*** Opening of Source records ***

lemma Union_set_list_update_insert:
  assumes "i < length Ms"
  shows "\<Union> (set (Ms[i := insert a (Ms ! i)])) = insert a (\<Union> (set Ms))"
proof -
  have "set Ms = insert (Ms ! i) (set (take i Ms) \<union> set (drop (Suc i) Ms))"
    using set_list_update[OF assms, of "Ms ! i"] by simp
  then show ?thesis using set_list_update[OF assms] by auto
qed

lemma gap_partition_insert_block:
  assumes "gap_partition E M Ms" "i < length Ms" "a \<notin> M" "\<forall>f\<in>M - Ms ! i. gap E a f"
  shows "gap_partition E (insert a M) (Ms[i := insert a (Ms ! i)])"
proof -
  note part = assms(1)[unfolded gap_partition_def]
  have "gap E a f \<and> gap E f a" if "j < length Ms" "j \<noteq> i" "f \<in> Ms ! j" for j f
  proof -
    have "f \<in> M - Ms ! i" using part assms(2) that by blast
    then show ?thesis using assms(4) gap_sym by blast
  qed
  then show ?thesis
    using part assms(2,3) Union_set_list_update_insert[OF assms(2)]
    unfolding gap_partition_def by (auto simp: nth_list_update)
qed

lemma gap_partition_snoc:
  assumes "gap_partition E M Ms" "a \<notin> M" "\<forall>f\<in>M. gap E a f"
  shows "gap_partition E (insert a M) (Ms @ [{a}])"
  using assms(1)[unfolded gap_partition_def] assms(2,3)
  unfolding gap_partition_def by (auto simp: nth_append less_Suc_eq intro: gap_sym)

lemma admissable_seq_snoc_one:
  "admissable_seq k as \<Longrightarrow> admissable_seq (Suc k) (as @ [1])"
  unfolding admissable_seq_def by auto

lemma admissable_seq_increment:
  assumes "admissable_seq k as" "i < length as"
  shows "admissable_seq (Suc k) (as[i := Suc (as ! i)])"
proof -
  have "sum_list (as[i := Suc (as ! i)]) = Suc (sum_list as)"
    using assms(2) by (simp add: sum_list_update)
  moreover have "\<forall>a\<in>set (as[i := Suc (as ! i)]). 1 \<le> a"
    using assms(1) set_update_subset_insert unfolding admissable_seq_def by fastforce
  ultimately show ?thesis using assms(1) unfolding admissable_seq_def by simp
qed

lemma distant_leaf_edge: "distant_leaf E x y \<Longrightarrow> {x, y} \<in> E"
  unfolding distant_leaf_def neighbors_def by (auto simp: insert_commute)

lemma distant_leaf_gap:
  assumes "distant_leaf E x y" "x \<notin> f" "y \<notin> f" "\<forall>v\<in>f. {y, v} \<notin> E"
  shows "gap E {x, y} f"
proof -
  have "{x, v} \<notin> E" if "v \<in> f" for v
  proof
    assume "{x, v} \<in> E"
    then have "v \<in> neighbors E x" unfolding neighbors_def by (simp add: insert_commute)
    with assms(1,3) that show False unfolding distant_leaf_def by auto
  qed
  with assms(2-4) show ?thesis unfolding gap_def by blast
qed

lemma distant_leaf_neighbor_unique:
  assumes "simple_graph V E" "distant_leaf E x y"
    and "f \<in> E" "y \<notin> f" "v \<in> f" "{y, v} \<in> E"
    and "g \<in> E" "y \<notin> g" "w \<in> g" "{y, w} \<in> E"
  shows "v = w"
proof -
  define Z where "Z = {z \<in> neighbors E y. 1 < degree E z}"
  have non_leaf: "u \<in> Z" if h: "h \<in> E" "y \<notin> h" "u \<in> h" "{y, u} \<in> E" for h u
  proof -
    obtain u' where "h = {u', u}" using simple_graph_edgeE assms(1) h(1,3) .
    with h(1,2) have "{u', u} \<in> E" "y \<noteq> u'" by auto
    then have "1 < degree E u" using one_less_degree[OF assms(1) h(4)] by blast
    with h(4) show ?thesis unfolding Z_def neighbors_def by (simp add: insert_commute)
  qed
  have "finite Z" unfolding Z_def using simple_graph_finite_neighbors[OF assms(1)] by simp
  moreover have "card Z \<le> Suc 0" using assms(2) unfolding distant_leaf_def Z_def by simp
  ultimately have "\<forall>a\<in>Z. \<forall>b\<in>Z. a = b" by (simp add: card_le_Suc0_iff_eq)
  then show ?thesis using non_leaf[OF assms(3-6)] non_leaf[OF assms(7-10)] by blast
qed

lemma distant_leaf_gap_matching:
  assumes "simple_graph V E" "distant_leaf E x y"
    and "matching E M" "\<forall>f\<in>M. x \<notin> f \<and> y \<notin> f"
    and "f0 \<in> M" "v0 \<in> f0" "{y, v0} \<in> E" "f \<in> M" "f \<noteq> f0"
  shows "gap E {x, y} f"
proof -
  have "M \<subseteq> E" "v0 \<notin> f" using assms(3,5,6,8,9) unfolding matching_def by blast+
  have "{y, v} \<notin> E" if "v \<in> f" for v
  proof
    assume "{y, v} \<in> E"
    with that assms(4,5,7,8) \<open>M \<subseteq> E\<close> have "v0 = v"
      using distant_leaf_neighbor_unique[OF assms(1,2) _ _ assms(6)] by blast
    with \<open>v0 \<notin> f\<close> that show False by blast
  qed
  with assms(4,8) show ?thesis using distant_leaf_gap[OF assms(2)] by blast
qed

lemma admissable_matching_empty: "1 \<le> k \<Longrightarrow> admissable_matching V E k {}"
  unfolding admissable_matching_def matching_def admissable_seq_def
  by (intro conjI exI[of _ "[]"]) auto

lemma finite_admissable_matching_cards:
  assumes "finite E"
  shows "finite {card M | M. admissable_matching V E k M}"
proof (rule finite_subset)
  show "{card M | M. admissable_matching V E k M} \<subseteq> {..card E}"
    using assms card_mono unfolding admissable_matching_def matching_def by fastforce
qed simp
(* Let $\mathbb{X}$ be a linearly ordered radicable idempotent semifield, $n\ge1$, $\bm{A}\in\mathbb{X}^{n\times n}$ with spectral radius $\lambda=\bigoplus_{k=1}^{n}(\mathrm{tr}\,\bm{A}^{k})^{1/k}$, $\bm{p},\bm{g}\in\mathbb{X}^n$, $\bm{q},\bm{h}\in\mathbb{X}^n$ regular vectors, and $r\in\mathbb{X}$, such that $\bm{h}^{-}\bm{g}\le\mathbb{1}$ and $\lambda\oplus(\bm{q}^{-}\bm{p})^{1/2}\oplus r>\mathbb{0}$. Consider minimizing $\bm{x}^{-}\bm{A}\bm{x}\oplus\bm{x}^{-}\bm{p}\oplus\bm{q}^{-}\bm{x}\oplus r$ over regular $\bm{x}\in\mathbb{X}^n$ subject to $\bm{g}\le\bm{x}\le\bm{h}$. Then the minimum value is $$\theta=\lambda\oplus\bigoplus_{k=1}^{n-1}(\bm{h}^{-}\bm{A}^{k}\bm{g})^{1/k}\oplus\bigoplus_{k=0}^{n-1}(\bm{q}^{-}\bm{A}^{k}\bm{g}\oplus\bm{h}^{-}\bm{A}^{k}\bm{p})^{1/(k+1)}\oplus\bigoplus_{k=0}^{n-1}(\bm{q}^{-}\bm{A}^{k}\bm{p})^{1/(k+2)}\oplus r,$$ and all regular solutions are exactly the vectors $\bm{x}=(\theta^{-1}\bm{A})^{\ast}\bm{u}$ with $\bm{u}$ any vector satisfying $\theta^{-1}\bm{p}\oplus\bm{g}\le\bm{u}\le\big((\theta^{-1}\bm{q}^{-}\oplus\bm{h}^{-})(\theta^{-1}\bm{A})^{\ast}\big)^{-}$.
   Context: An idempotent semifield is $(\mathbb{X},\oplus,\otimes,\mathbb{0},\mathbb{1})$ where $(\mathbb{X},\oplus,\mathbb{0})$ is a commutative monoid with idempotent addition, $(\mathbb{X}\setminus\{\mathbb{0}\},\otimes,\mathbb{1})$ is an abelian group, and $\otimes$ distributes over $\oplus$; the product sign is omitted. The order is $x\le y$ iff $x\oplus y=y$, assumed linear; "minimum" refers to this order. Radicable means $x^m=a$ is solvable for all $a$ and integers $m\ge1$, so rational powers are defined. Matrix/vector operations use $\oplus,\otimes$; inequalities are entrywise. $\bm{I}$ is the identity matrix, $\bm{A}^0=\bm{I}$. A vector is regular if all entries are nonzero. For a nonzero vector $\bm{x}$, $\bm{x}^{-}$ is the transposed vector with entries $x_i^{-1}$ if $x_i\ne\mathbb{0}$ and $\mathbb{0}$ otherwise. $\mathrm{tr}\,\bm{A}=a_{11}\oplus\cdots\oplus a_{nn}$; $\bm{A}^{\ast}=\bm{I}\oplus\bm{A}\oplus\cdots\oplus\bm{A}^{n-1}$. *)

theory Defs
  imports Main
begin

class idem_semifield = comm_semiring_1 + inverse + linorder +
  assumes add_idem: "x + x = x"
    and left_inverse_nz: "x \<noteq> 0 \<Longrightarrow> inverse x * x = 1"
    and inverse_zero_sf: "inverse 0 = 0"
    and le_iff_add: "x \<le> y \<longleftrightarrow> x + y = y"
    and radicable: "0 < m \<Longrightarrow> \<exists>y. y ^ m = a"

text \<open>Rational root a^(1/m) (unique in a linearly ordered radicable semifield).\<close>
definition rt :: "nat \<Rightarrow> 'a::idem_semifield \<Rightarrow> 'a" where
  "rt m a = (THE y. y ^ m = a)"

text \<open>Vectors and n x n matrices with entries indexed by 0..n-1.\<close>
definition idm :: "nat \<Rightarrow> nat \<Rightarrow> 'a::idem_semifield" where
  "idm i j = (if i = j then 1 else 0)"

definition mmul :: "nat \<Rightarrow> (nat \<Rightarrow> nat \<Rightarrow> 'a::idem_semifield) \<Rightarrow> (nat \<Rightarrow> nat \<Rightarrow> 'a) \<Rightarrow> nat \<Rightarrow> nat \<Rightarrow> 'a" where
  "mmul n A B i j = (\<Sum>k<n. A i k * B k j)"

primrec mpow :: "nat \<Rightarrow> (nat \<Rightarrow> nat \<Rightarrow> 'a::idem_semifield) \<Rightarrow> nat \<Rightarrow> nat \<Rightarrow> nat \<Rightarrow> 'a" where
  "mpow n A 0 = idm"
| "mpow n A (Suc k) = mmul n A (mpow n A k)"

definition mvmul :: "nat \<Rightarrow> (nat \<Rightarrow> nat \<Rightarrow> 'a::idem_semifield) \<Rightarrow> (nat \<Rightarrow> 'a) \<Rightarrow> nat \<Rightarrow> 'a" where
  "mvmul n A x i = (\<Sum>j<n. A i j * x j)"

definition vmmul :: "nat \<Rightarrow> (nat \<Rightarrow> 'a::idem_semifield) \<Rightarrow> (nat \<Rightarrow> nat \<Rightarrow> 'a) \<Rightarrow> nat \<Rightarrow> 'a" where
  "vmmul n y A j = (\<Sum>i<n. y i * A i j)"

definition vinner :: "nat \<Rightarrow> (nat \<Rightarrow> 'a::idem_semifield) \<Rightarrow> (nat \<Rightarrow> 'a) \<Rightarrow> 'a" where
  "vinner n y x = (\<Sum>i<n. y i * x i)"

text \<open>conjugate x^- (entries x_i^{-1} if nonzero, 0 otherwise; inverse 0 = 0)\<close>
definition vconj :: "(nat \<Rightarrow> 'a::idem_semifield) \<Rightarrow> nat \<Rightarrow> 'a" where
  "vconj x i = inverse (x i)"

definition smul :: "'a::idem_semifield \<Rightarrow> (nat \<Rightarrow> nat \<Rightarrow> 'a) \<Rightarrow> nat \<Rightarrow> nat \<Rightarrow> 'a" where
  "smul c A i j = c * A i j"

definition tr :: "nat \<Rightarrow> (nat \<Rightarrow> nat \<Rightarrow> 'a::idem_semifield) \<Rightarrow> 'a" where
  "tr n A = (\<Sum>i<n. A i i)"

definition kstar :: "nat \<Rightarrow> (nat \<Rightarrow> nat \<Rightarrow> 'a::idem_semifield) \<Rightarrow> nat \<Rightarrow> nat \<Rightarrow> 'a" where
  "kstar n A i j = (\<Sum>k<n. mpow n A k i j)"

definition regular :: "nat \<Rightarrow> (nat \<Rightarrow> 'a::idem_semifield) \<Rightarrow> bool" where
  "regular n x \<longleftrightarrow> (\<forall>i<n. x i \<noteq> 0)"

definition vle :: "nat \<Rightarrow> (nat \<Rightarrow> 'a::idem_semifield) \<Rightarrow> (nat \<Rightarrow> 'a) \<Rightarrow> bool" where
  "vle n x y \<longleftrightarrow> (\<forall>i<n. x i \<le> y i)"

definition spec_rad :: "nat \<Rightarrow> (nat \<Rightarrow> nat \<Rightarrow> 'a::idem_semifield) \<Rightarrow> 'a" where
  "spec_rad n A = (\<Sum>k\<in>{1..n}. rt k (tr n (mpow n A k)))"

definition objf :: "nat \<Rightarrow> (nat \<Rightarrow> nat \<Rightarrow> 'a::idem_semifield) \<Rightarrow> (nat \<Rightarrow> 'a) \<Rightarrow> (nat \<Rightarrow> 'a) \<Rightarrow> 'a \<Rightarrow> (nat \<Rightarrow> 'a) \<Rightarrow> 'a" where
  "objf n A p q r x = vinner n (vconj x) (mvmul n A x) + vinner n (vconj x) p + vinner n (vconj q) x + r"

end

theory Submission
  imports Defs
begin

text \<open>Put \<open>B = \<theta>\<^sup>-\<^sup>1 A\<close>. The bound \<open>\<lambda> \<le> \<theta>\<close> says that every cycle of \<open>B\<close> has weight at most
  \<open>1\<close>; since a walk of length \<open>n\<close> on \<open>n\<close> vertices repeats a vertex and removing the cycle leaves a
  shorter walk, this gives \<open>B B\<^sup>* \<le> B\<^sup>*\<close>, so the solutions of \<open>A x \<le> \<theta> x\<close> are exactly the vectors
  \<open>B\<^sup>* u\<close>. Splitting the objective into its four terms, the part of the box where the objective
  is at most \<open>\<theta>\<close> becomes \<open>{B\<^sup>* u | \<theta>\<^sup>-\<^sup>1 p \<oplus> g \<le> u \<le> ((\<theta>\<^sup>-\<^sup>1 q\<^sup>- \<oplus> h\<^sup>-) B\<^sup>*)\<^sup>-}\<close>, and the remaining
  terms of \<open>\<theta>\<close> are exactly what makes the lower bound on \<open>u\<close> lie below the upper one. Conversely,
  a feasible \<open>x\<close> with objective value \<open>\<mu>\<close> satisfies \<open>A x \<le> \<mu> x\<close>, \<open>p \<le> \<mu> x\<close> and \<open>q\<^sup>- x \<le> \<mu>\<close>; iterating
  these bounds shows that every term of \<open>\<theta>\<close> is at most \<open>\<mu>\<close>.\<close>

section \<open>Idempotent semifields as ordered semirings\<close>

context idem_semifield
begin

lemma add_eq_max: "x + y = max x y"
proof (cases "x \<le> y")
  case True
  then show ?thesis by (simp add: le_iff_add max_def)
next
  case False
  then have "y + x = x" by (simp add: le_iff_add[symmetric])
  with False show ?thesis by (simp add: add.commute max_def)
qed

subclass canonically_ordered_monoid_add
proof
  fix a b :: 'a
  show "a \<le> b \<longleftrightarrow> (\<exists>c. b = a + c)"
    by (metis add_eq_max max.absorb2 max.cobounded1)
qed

*** Close of Source records ***

Problem to solve:
Return only the exact lines from the opening of the records through the line that contains "unfolding admissable_seq_def by auto", both included.

Written answer:
lemma Union_set_list_update_insert:
  assumes "i < length Ms"
  shows "\<Union> (set (Ms[i := insert a (Ms ! i)])) = insert a (\<Union> (set Ms))"
proof -
  have "set Ms = insert (Ms ! i) (set (take i Ms) \<union> set (drop (Suc i) Ms))"
    using set_list_update[OF assms, of "Ms ! i"] by simp
  then show ?thesis using set_list_update[OF assms] by auto
qed

lemma gap_partition_insert_block:
  assumes "gap_partition E M Ms" "i < length Ms" "a \<notin> M" "\<forall>f\<in>M - Ms ! i. gap E a f"
  shows "gap_partition E (insert a M) (Ms[i := insert a (Ms ! i)])"
proof -
  note part = assms(1)[unfolded gap_partition_def]
  have "gap E a f \<and> gap E f a" if "j < length Ms" "j \<noteq> i" "f \<in> Ms ! j" for j f
  proof -
    have "f \<in> M - Ms ! i" using part assms(2) that by blast
    then show ?thesis using assms(4) gap_sym by blast
  qed
  then show ?thesis
    using part assms(2,3) Union_set_list_update_insert[OF assms(2)]
    unfolding gap_partition_def by (auto simp: nth_list_update)
qed

lemma gap_partition_snoc:
  assumes "gap_partition E M Ms" "a \<notin> M" "\<forall>f\<in>M. gap E a f"
  shows "gap_partition E (insert a M) (Ms @ [{a}])"
  using assms(1)[unfolded gap_partition_def] assms(2,3)
  unfolding gap_partition_def by (auto simp: nth_append less_Suc_eq intro: gap_sym)

lemma admissable_seq_snoc_one:
  "admissable_seq k as \<Longrightarrow> admissable_seq (Suc k) (as @ [1])"
  unfolding admissable_seq_def by auto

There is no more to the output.